(* Let $q>2$, $n\ge 2$, $u\in\mathcal C$ and $\Lambda\ge1$ with $\frac1\Lambda\le|u'(x)|\le\Lambda$ for all $x\in\mathbb{R}/\mathbb{Z}$. Then \[\big|\mathrm{TP}_{\mathrm{cl}}(u)-\mathrm{TP}(u)\big|\le(\mathrm{bil}\,u)^{2q}\Lambda^{2q}[u']_{W^{1-1/q,q}}^q(\Lambda-1).\]
   Context: $\mathcal C=\{u\in W^{2-1/q,q}(\mathbb{R}/\mathbb{Z},\mathbb{R}^n): u\text{ injective and }\min|u'|>0\}$. \[\mathrm{TP}(u)=\frac1q\iint_{\mathbb{R}/\mathbb{Z}\times\mathbb{R}/\mathbb{Z}}\frac{|u'(y)\wedge(u(x)-u(y))|^q}{|u(x)-u(y)|^{2q}}\,dx\,dy,\] with $|a\wedge b|$ defined via $\langle a\wedge b,c\wedge d\rangle=\langle a,c\rangle\langle b,d\rangle-\langle a,d\rangle\langle b,c\rangle$; the classical tangent-point functional is \[\mathrm{TP}_{\mathrm{cl}}(u)=\frac1q\iint_{\mathbb{R}/\mathbb{Z}\times\mathbb{R}/\mathbb{Z}}\frac{|P^\perp_{u'(y)}(u(x)-u(y))|^q}{|u(x)-u(y)|^{2q}}|u'(x)||u'(y)|\,dx\,dy,\] where $P^\perp_{u'(y)}$ is the orthogonal projection onto the orthogonal complement of $\mathbb{R}u'(y)$. $\mathrm{bil}(u)=\sup_{x\ne y}\frac{|x-y|}{|u(x)-u(y)|}$ with $|x-y|$ the distance in $\mathbb{R}/\mathbb{Z}$. $[f]_{W^{s,q}}=\big(\iint\frac{|f(x)-f(y)|^q}{|x-y|^{1+sq}}dx\,dy\big)^{1/q}$ for $s\in(0,1)$. *)

theory Defs
  imports "HOL-Analysis.Analysis"
begin

text \<open>Curves on the circle R/Z are represented as 1-periodic maps real => real^'n.
  The derivative is the vector derivative.\<close>

definition circ_dist :: "real \<Rightarrow> real \<Rightarrow> real" where
  "circ_dist x y = \<bar>(x - y) - of_int (round (x - y))\<bar>"

definition dcurve :: "(real \<Rightarrow> real ^ 'n) \<Rightarrow> real \<Rightarrow> real ^ 'n" where
  "dcurve u x = vector_derivative u (at x)"

definition gag_integrand :: "(real \<Rightarrow> real ^ 'n) \<Rightarrow> real \<Rightarrow> real \<Rightarrow> real \<times> real \<Rightarrow> real" where
  "gag_integrand f s q z = norm (f (fst z) - f (snd z)) powr q / circ_dist (fst z) (snd z) powr (1 + s * q)"

definition gag_seminorm :: "(real \<Rightarrow> real ^ 'n) \<Rightarrow> real \<Rightarrow> real \<Rightarrow> real" where
  "gag_seminorm f s q = (LINT z : {0..1} \<times> {0..1} | lborel. gag_integrand f s q z) powr (1 / q)"

text \<open>Membership in W^{2-1/q,q}(R/Z,R^n) (q > 2): a 1-periodic C^1 curve whose derivative has
  finite W^{1-1/q,q} Gagliardo seminorm (for q > 2 every element has a C^1 representative).\<close>
definition W2q :: "real \<Rightarrow> (real \<Rightarrow> real ^ 'n) \<Rightarrow> bool" where
  "W2q q u \<longleftrightarrow> (\<forall>x. u (x + 1) = u x) \<and> u C1_differentiable_on UNIV \<and>
     set_integrable lborel ({0..1} \<times> {0..1}) (gag_integrand (dcurve u) (1 - 1 / q) q)"

definition admissible :: "real \<Rightarrow> (real \<Rightarrow> real ^ 'n) \<Rightarrow> bool" where
  "admissible q u \<longleftrightarrow> W2q q u \<and> inj_on u {0..<1} \<and> (\<exists>c>0. \<forall>x. norm (dcurve u x) \<ge> c)"

text \<open>|a \<and> b|, from <a\<and>b,c\<and>d> = <a,c><b,d> - <a,d><b,c>.\<close>
definition wedge_norm :: "real ^ 'n \<Rightarrow> real ^ 'n \<Rightarrow> real" where
  "wedge_norm a b = sqrt ((a \<bullet> a) * (b \<bullet> b) - (a \<bullet> b) * (b \<bullet> a))"

definition proj_perp :: "real ^ 'n \<Rightarrow> real ^ 'n \<Rightarrow> real ^ 'n" where
  "proj_perp v w = w - ((w \<bullet> v) / (v \<bullet> v)) *\<^sub>R v"

definition TP :: "real \<Rightarrow> (real \<Rightarrow> real ^ 'n) \<Rightarrow> real" where
  "TP q u = (1 / q) * (LINT z : {0..1} \<times> {0..1} | lborel.
     (let x = fst z; y = snd z in
       wedge_norm (dcurve u y) (u x - u y) powr q / norm (u x - u y) powr (2 * q)))"

definition TP_cl :: "real \<Rightarrow> (real \<Rightarrow> real ^ 'n) \<Rightarrow> real" where
  "TP_cl q u = (1 / q) * (LINT z : {0..1} \<times> {0..1} | lborel.
     (let x = fst z; y = snd z in
       norm (proj_perp (dcurve u y) (u x - u y)) powr q / norm (u x - u y) powr (2 * q)
         * norm (dcurve u x) * norm (dcurve u y)))"

definition bil :: "(real \<Rightarrow> real ^ 'n) \<Rightarrow> real" where
  "bil u = (SUP z \<in> {(x, y). x \<in> {0..<1} \<and> y \<in> {0..<1} \<and> x \<noteq> y}.
              circ_dist (fst z) (snd z) / norm (u (fst z) - u (snd z)))"

end

theory Submission
  imports Defs
begin

text \<open>Let \<open>P\<^sub>y\<close> be the projection onto the orthogonal complement of \<open>u'(y)\<close>. Since
  \<open>|a \<and> b| = |a| |P b|\<close> for the projection \<open>P\<close> orthogonal to \<open>a\<close>, both functionals integrate the
  same kernel \<open>G(x,y) = |P\<^sub>y (u(x) - u(y))|^q / |u(x) - u(y)|^(2q)\<close>, once against the weight
  \<open>|u'(x)| |u'(y)|\<close> and once against \<open>|u'(y)|^q\<close>; for \<open>q \<ge> 2\<close> these weights differ by at most
  \<open>q^2 \<Lambda>^(2q) (\<Lambda> - 1)\<close>. It remains to show \<open>\<integral>\<integral> G \<le> bil(u)^(2q) [u']^q / q\<close>.
  Write \<open>u(x) - u(y) = \<delta> \<integral>\<^sub>0\<^sup>1 u'(y + t \<delta>) dt\<close>, where \<open>\<delta> \<in> [-1/2, 1/2)\<close> represents \<open>x - y\<close>
  modulo 1. As \<open>P\<^sub>y\<close> annihilates \<open>u'(y)\<close>, Jensen's inequality and \<open>|u(x) - u(y)| \<ge> |\<delta>| / bil(u)\<close>
  give \<open>G(x,y) \<le> bil(u)^(2q) \<integral>\<^sub>0\<^sup>1 |u'(y + t \<delta>) - u'(y)|^q / |\<delta>|^q dt\<close>. Integrating over \<open>x\<close>
  and substituting \<open>r = t \<delta>\<close> splits off the factor \<open>\<integral>\<^sub>0\<^sup>1 t^(q-1) dt = 1/q\<close>, and what remains is
  the Gagliardo integral of \<open>u'\<close>, because \<open>1 + (1 - 1/q) q = q\<close>.\<close>

section \<open>Distance on the circle and periodic functions\<close>

definition circ_diff :: "real \<Rightarrow> real \<Rightarrow> real" where
  "circ_diff x y = x - y - of_int (round (x - y))"

lemma abs_circ_diff: "\<bar>circ_diff x y\<bar> = circ_dist x y"
  unfolding circ_diff_def circ_dist_def ..

lemma round_add_of_int: "round (t + of_int k :: real) = round t + k"
  unfolding round_def by (metis add.commute add.left_commute floor_add_int)

lemma circ_diff_add_of_int:
  "circ_diff (x + of_int k) y = circ_diff x y"
  "circ_diff x (y + of_int k) = circ_diff x y"
proof -
  have "round (x + of_int k - y) = round (x - y) + k" "round (x - (y + of_int k)) = round (x - y) - k"
    using round_add_of_int[of "x - y" k] round_add_of_int[of "x - y" "- k"]
    by (simp_all add: algebra_simps)
  then show "circ_diff (x + of_int k) y = circ_diff x y" "circ_diff x (y + of_int k) = circ_diff x y"
    unfolding circ_diff_def by simp_all
qed

lemma circ_dist_add_of_int:
  "circ_dist (x + of_int k) y = circ_dist x y"
  "circ_dist x (y + of_int k) = circ_dist x y"
  by (simp_all only: abs_circ_diff[symmetric] circ_diff_add_of_int)

lemma circ_dist_frac: "circ_dist (frac x) (frac y) = circ_dist x y"
  using circ_dist_add_of_int(1)[of x "- \<lfloor>x\<rfloor>" "frac y"] circ_dist_add_of_int(2)[of x y "- \<lfloor>y\<rfloor>"]
  by (simp add: frac_def)

lemma circ_diff_self_add: "h \<in> {-1/2..<1/2} \<Longrightarrow> circ_diff (y + h) y = h"
  unfolding circ_diff_def round_def by (simp add: floor_eq_iff)

lemma circ_dist_nonneg: "circ_dist x y \<ge> 0"
  unfolding circ_dist_def by simp

lemma circ_dist_le: "circ_dist x y \<le> \<bar>x - y - of_int k\<bar>"
  unfolding circ_dist_def using round_diff_minimal[of "x - y" k] by simp

lemma circ_dist_le_half: "circ_dist x y \<le> 1/2"
  unfolding circ_dist_def using of_int_round_abs_le[of "x - y"] by linarith

lemma periodic_add_of_int:
  assumes "\<And>x. f (x + 1) = f x"
  shows "f (x + of_int k) = f x"
proof -
  have nat: "f (x + of_nat n) = f x" for x n
  proof (induction n)
    case (Suc n)
    have "f (x + of_nat (Suc n)) = f (x + of_nat n + 1)" by (simp add: algebra_simps)
    then show ?case using Suc assms by simp
  qed simp
  show ?thesis
  proof (cases "k \<ge> 0")
    case True
    then show ?thesis using nat[of x "nat k"] by simp
  next
    case False
    then show ?thesis using nat[of "x + of_int k" "nat (- k)"] by simp
  qed
qed

lemma periodic_frac:
  assumes "\<And>x. f (x + 1) = f x"
  shows "f (frac x) = f x"
  using periodic_add_of_int[of f "frac x" "\<lfloor>x\<rfloor>", OF assms] by (simp add: frac_def)

lemma periodic_circ_diff:
  assumes "\<And>x. f (x + 1) = f x"
  shows "f (y + circ_diff x y) = f x"
  using periodic_add_of_int[of f "y + circ_diff x y" "round (x - y)", OF assms]
  by (simp add: circ_diff_def)

section \<open>Orthogonal projections and the wedge product\<close>

lemma proj_perp_self: "proj_perp c c = 0"
  by (cases "c = 0") (auto simp: proj_perp_def)

lemma linear_proj_perp: "linear (proj_perp c)"
  unfolding proj_perp_def
  by (rule linearI) (auto simp: inner_add_left algebra_simps add_divide_distrib scaleR_add_left)

lemma norm_proj_perp_le: "norm (proj_perp c z) \<le> norm z"
proof (cases "c = 0")
  case False
  let ?a = "(z \<bullet> c) / (c \<bullet> c)"
  have orth: "proj_perp c z \<bullet> c = 0"
    using False by (simp add: proj_perp_def inner_diff_left)
  have "norm z ^ 2 = (proj_perp c z + ?a *\<^sub>R c) \<bullet> (proj_perp c z + ?a *\<^sub>R c)"
    by (simp add: proj_perp_def power2_norm_eq_inner)
  also have "\<dots> = norm (proj_perp c z) ^ 2 + ?a\<^sup>2 * (c \<bullet> c)"
    using orth unfolding power2_norm_eq_inner
    by (simp add: inner_add_left inner_add_right inner_commute power2_eq_square)
  finally have "norm (proj_perp c z) ^ 2 \<le> norm z ^ 2" by simp
  then show ?thesis by (simp add: power2_le_iff_abs_le)
qed (simp add: proj_perp_def)

lemma wedge_norm_eq_norm_mult_proj_perp: "wedge_norm c z = norm c * norm (proj_perp c z)"
proof (cases "c = 0")
  case False
  have "(norm c * norm (proj_perp c z))\<^sup>2 = (c \<bullet> c) * (proj_perp c z \<bullet> proj_perp c z)"
    by (simp add: power_mult_distrib power2_norm_eq_inner)
  also have "\<dots> = (c \<bullet> c) * (z \<bullet> z) - (c \<bullet> z) * (z \<bullet> c)"
    using False by (simp add: proj_perp_def inner_diff_left inner_diff_right inner_commute
        field_simps power2_eq_square)
  finally show ?thesis
    unfolding wedge_norm_def by (metis norm_ge_zero real_sqrt_abs zero_le_mult_iff abs_of_nonneg)
qed (simp add: wedge_norm_def)

lemma powr_ge_tangent:
  fixes s m q :: real
  assumes "s \<ge> 0" "m \<ge> 0" "q \<ge> 1"
  shows "m powr q + q * m powr (q - 1) * (s - m) \<le> s powr q"
proof (cases "m = 0")
  case False
  then have m: "m > 0" using assms by simp
  show ?thesis
  proof (cases "s = 0")
    case True
    have "m powr (q - 1) * m = m powr q" using m by (simp add: powr_diff)
    then have "m powr q + q * m powr (q - 1) * (s - m) = (1 - q) * m powr q"
      using True by (simp add: algebra_simps)
    also have "\<dots> \<le> 0" using assms by (simp add: mult_nonpos_nonneg)
    finally show ?thesis using True by simp
  next
    case False
    then have s: "s \<in> {0<..}" using assms by simp
    have "(\<lambda>x. x powr q) s - (\<lambda>x. x powr q) m \<ge> q * m powr (q - 1) * (s - m)"
      by (rule convex_on_imp_above_tangent[OF powr_convex[OF assms(3)]])
         (use m s in \<open>auto simp: interior_open intro: has_field_derivative_at_within
           has_real_derivative_powr\<close>)
    then show ?thesis by simp
  qed
qed simp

* **WORK TASK**
Copy out each line of the records that holds the string "assms".

* **FINAL ANSWER**
    then show ?case using Suc assms by simp
  using periodic_add_of_int[of f "frac x" "\<lfloor>x\<rfloor>", OF assms] by (simp add: frac_def)
  using periodic_add_of_int[of f "y + circ_diff x y" "round (x - y)", OF assms]
  then have m: "m > 0" using assms by simp
    also have "\<dots> \<le> 0" using assms by (simp add: mult_nonpos_nonneg)
    then have s: "s \<in> {0<..}" using assms by simp
      by (rule convex_on_imp_above_tangent[OF powr_convex[OF assms(3)]])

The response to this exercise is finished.